Kloete ducked, hugging the roof. Noburu followed his example. The South African was laughing like a wild man, his behavior insanely inconstant.

Beyond the lip of the wall, the fury of the crowd turned to wails of despair. Noburu could feel the intruders scrambling to avoid the godlike weapons, and he could picture the oversize rounds rinsing back and forth across the courtyard. Sometimes the old weapons were the best.

Noburu went cold. Underneath him, the sounds of combat within the headquarters building punctuated his horror.

He had realized that none of the new Japanese systems in the theater of war mounted Gatling guns.

Behind him, the dream warrior laughed and laughed and laughed.

The sound of the aircraft was deafeningly close now. He could begin to make out their swollen black forms against the deep blue sky. Each time one of the ships unleashed another burst from its Gatling gun, the cone of fire was shorter, closer. The Gatling rounds made a sharp crackling sound as they split the cobblestones amid the dead and the dying.

"Americans," Noburu said to Kloete.

Perhaps the noise was too much. The South African merely stared at him in incomprehension.

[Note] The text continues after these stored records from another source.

text \<open>The key step: the image of \<open>insert x C\<close> lies in both \<open>f (insert x (insert a C))\<close> and
  \<open>f (insert x (insert b C))\<close>, but not in \<open>f (insert b (insert a C))\<close>, which contains
  \<open>f (insert a C) \<union> f (insert b C)\<close>; so some point of it is added on both sides.\<close>
lemma added_exchange:
  assumes C: "C \<subseteq> {1..n}" "card C = k - 1"
    and abx: "a \<in> {1..n} - C" "b \<in> {1..n} - C" "x \<in> {1..n} - C" "a \<noteq> b" "a \<noteq> x" "b \<noteq> x"
  shows "added (insert a C) x = added (insert b C) x"
proof -
  have fin: "finite C" using C(1) finite_subset by blast
  have card_k: "card (insert y C) = k" if "y \<in> {1..n} - C" for y
    using that C(2) fin k_pos by simp
  have card_k1: "card (insert y (insert z C)) = k + 1" if "y \<in> {1..n} - C" "z \<in> {1..n} - C" "y \<noteq> z" for y z
    using that card_k[OF that(2)] fin by simp
  have sub: "f (insert z C) \<subset> f (insert y (insert z C))"
    if "y \<in> {1..n} - C" "z \<in> {1..n} - C" "y \<noteq> z" for y z
    using f_psubset_iff card_k card_k1 that C(1) by auto
  let ?R = "f (insert x C)"
  have "?R \<subseteq> insert (added (insert y C) x) (f (insert y C))"
    if "y \<in> {1..n} - C" "y \<noteq> x" for y
  proof -
    have "?R \<subseteq> f (insert x (insert y C))"
      using sub[of y x] that abx insert_commute[of x y C] by auto
    also have "\<dots> = insert (added (insert y C) x) (f (insert y C))"
      using f_insert[of x "insert y C"] card_k that abx C(1) by auto
    finally show ?thesis .
  qed
  moreover have "\<not> ?R \<subseteq> f (insert a C) \<union> f (insert b C)"
  proof
    let ?F = "f (insert b (insert a C))"
    assume "?R \<subseteq> f (insert a C) \<union> f (insert b C)"
    moreover have "f (insert a C) \<union> f (insert b C) \<subseteq> ?F"
      using sub[of b a] sub[of a b] abx insert_commute[of a b C] by auto
    ultimately have "?R \<subseteq> ?F" by blast
    have "insert x C \<in> Bverts n k" "insert b (insert a C) \<in> Bverts n k"
      using card_k[of x] card_k1[of b a] abx C(1) by (simp_all add: Bverts_iff)
    then have "card ?R \<noteq> card ?F" using level card_k[of x] card_k1[of b a] abx by simp
    with \<open>?R \<subseteq> ?F\<close> have "?R \<subset> ?F" by (metis psubsetI)
    then have "insert x C \<subset> insert b (insert a C)"
      using f_psubset_iff card_k card_k1 abx C(1) by simp
    then show False using abx by blast
  qed
  ultimately show ?thesis using abx by blast
qed

lemma added_independent:
  assumes x: "x \<in> {1..n}" and A: "A \<subseteq> {1..n} - {x}" "card A = k"
    and B: "B \<subseteq> {1..n} - {x}" "card B = k"
  shows "added A x = added B x"
proof -
  have "added B x = added A x"
  proof (rule card_eq_exchange_induct[of "{1..n} - {x}" A B "\<lambda>B. added B x = added A x"])
    fix A' a b assume A': "added A' x = added A x" "A' \<subseteq> {1..n} - {x}" "card A' = card B"
      and ab: "a \<in> A'" "b \<in> {1..n} - {x} - A'"
    have fin: "finite A'" using A'(2) finite_subset by blast
    have "added (insert a (A' - {a})) x = added (insert b (A' - {a})) x"
      by (rule added_exchange) (use A' ab B fin x in auto)
    then show "added (insert b (A' - {a})) x = added A x" using A'(1) ab by (simp add: insert_absorb)
  qed (use A B in auto)
  then show ?thesis by simp
qed

definition induced_perm :: "nat \<Rightarrow> nat" where
  "induced_perm x =
     (if x \<in> {1..n} then added (SOME A. A \<subseteq> {1..n} - {x} \<and> card A = k) x else x)"

lemma f_insert_induced_perm:
  assumes x: "x \<in> {1..n}" and A: "A \<subseteq> {1..n} - {x}" "card A = k"
  shows "f (insert x A) = insert (induced_perm x) (f A)" "induced_perm x \<notin> f A"
proof -
  let ?A0 = "SOME A. A \<subseteq> {1..n} - {x} \<and> card A = k"
  have "?A0 \<subseteq> {1..n} - {x} \<and> card ?A0 = k" by (rule someI[of _ A]) (use A in blast)
  then have "added ?A0 x = added A x" using added_independent[OF x A] by metis
  then have "induced_perm x = added A x" using x by (simp add: induced_perm_def)
  then show "f (insert x A) = insert (induced_perm x) (f A)" "induced_perm x \<notin> f A"
    using f_insert[OF x A] by simp_all
qed

lemma induced_perm_permutes: "induced_perm permutes {1..n}"
proof (rule bij_imp_permutes)
  have into: "induced_perm x \<in> {1..n}" if x: "x \<in> {1..n}" for x
  proof -
    have "k \<le> card ({1..n} - {x})" using x k_le by simp
    then obtain A where A: "A \<subseteq> {1..n} - {x}" "card A = k" by (meson obtain_subset_with_card_n)
    then have "insert x A \<in> Bverts n k" using insert_in_Bverts[of A n k x] x by auto
    then have "f (insert x A) \<subseteq> {1..n}" using Baut_mem_Bverts[OF aut] by (simp add: Bverts_iff)
    then show ?thesis using f_insert_induced_perm(1)[OF x A] by blast
  qed
  have "inj_on induced_perm {1..n}"
  proof (rule inj_onI, rule ccontr)
    fix x y assume x: "x \<in> {1..n}" and y: "y \<in> {1..n}" and eq: "induced_perm x = induced_perm y"
      and "x \<noteq> y"
    then have "k \<le> card ({1..n} - {x, y})" using k_le by (simp add: card_Diff_subset)
    then obtain A where A: "A \<subseteq> {1..n} - {x, y}" "card A = k" by (meson obtain_subset_with_card_n)
    then have "A \<subseteq> {1..n} - {x}" "A \<subseteq> {1..n} - {y}" by auto
    then have "f (insert x A) = f (insert y A)"
      using f_insert_induced_perm(1)[OF x _ A(2)] f_insert_induced_perm(1)[OF y _ A(2)] eq by simp
    moreover have "insert x A \<in> Bverts n k" "insert y A \<in> Bverts n k"
      using insert_in_Bverts[of A n k] A x y by auto
    ultimately have "insert x A = insert y A"
      using Baut_bij_betw[OF aut] by (auto simp: bij_betw_def dest: inj_onD)
    then show False using A \<open>x \<noteq> y\<close> by blast
  qed
  moreover have "induced_perm ` {1..n} \<subseteq> {1..n}" using into by blast
  ultimately show "bij_betw induced_perm {1..n} {1..n}"
    by (simp add: bij_betw_def endo_inj_surj)
  show "induced_perm x = x" if "x \<notin> {1..n}" for x using that unfolding induced_perm_def by argo
qed

lemma f_eq_image_lower:
  assumes A: "A \<subseteq> {1..n}" "card A = k"
  shows "f A = induced_perm ` A"
proof -
  have fin: "finite A" using A finite_subset by blast
  have AV: "A \<in> Bverts n k" using A by (simp add: Bverts_iff)
  have "A \<noteq> {1..n}" using A k_le by auto
  then obtain x where x: "x \<in> {1..n} - A" using A(1) by blast
  have "induced_perm y \<in> f A" if y: "y \<in> A" for y
  proof -
    let ?A' = "insert x (A - {y})"
    have A': "?A' \<subseteq> {1..n} - {y}" "card ?A' = k" using A x y fin k_pos by (auto simp: card_Diff_singleton)
    have "insert y ?A' = insert x A" using x y by blast
    moreover have "y \<in> {1..n}" using y A by blast
    ultimately have "induced_perm y \<in> f (insert x A)" using f_insert_induced_perm(1)[OF _ A'] by auto
    moreover have "induced_perm y \<noteq> induced_perm x"
      using permutes_inj[OF induced_perm_permutes] x y by (auto dest: injD)
    ultimately show ?thesis using f_insert_induced_perm(1)[of x A] x A by auto
  qed
  moreover have "card (induced_perm ` A) = card (f A)"
    using level[OF AV] permutes_inj[OF induced_perm_permutes] by (simp add: card_image inj_on_subset)
  ultimately show ?thesis using card_subset_eq Bverts_finite[OF Baut_mem_Bverts[OF aut AV]] by (metis image_subsetI)
qed

lemma f_eq_fsig: "f = fsig n k induced_perm"
proof
  fix v
  show "f v = fsig n k induced_perm v"
  proof (cases "v \<in> Bverts n k")
    case False
    then show ?thesis using Baut_extensional[OF aut] by (simp add: fsig_def extensional_def)
  next
    case v: True
    show ?thesis
    proof (cases "card v = k")
      case True
      then show ?thesis using v f_eq_image_lower by (simp add: fsig_apply Bverts_iff)
    next
      case False
      then have "card v = k + 1" using v by (simp add: Bverts_iff)
      then obtain x where x: "x \<in> v" by fastforce
      note lower = remove_in_Bverts[OF v \<open>card v = k + 1\<close> x]
      have xN: "x \<in> {1..n}" and sub: "v - {x} \<subseteq> {1..n} - {x}" using v x by (auto simp: Bverts_iff)
      have "f v = f (insert x (v - {x}))" using x by (simp add: insert_absorb)
      also have "\<dots> = insert (induced_perm x) (f (v - {x}))"
        by (rule f_insert_induced_perm(1)[OF xN sub lower(2)])
      also have "\<dots> = insert (induced_perm x) (induced_perm ` (v - {x}))"
        using f_eq_image_lower[OF _ lower(2)] sub by auto
      also have "\<dots> = induced_perm ` v" using x by blast
      finally show ?thesis using v by (simp add: fsig_apply)
    qed
  qed
qed

end

lemma level_preserving_Baut_eq_fsig:
  assumes "f \<in> Baut n k" "\<And>v. v \<in> Bverts n k \<Longrightarrow> card (f v) = card v" "1 \<le> k" "k + 2 \<le> n"
  shows "\<exists>\<sigma>. \<sigma> permutes {1..n} \<and> f = fsig n k \<sigma>"
proof -
  interpret level_preserving_Baut n k f using assms by unfold_locales
  show ?thesis using induced_perm_permutes f_eq_fsig by blast
qed

text \<open>\<open>fsig_alpha n k \<sigma> c\<close> is \<open>f\<^sub>\<sigma> \<alpha>\<^sup>c\<close>, with the power of \<open>\<alpha>\<close> encoded as a boolean.\<close>
definition fsig_alpha :: "nat \<Rightarrow> nat \<Rightarrow> (nat \<Rightarrow> nat) \<Rightarrow> bool \<Rightarrow> nat set \<Rightarrow> nat set" where
  "fsig_alpha n k \<sigma> c = restrict (\<lambda>v. \<sigma> ` (if c then {1..n} - v else v)) (Bverts n k)"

"The Americans," Noburu shouted, cupping a hand beside his mouth.

Kloete looked at him as if the general had gone mad.

The rotor wash began tearing at their clothes. The big ships were settling, hunting for places to nest.

The dream warrior howled with glee, goading Noburu to laugh along.

No. He was not giving up so easily. He pushed the phantom away.

One of the descending aircraft was heading directly for the helipad.

"Come on," Noburu shouted, already moving. "We've got to let somebody know about—"

The noise was too great. He scrambled toward the passageway that led to the elevator and the stairwell. It would take too long to route a message through the computer with the system locked down. The only hope was the old radio.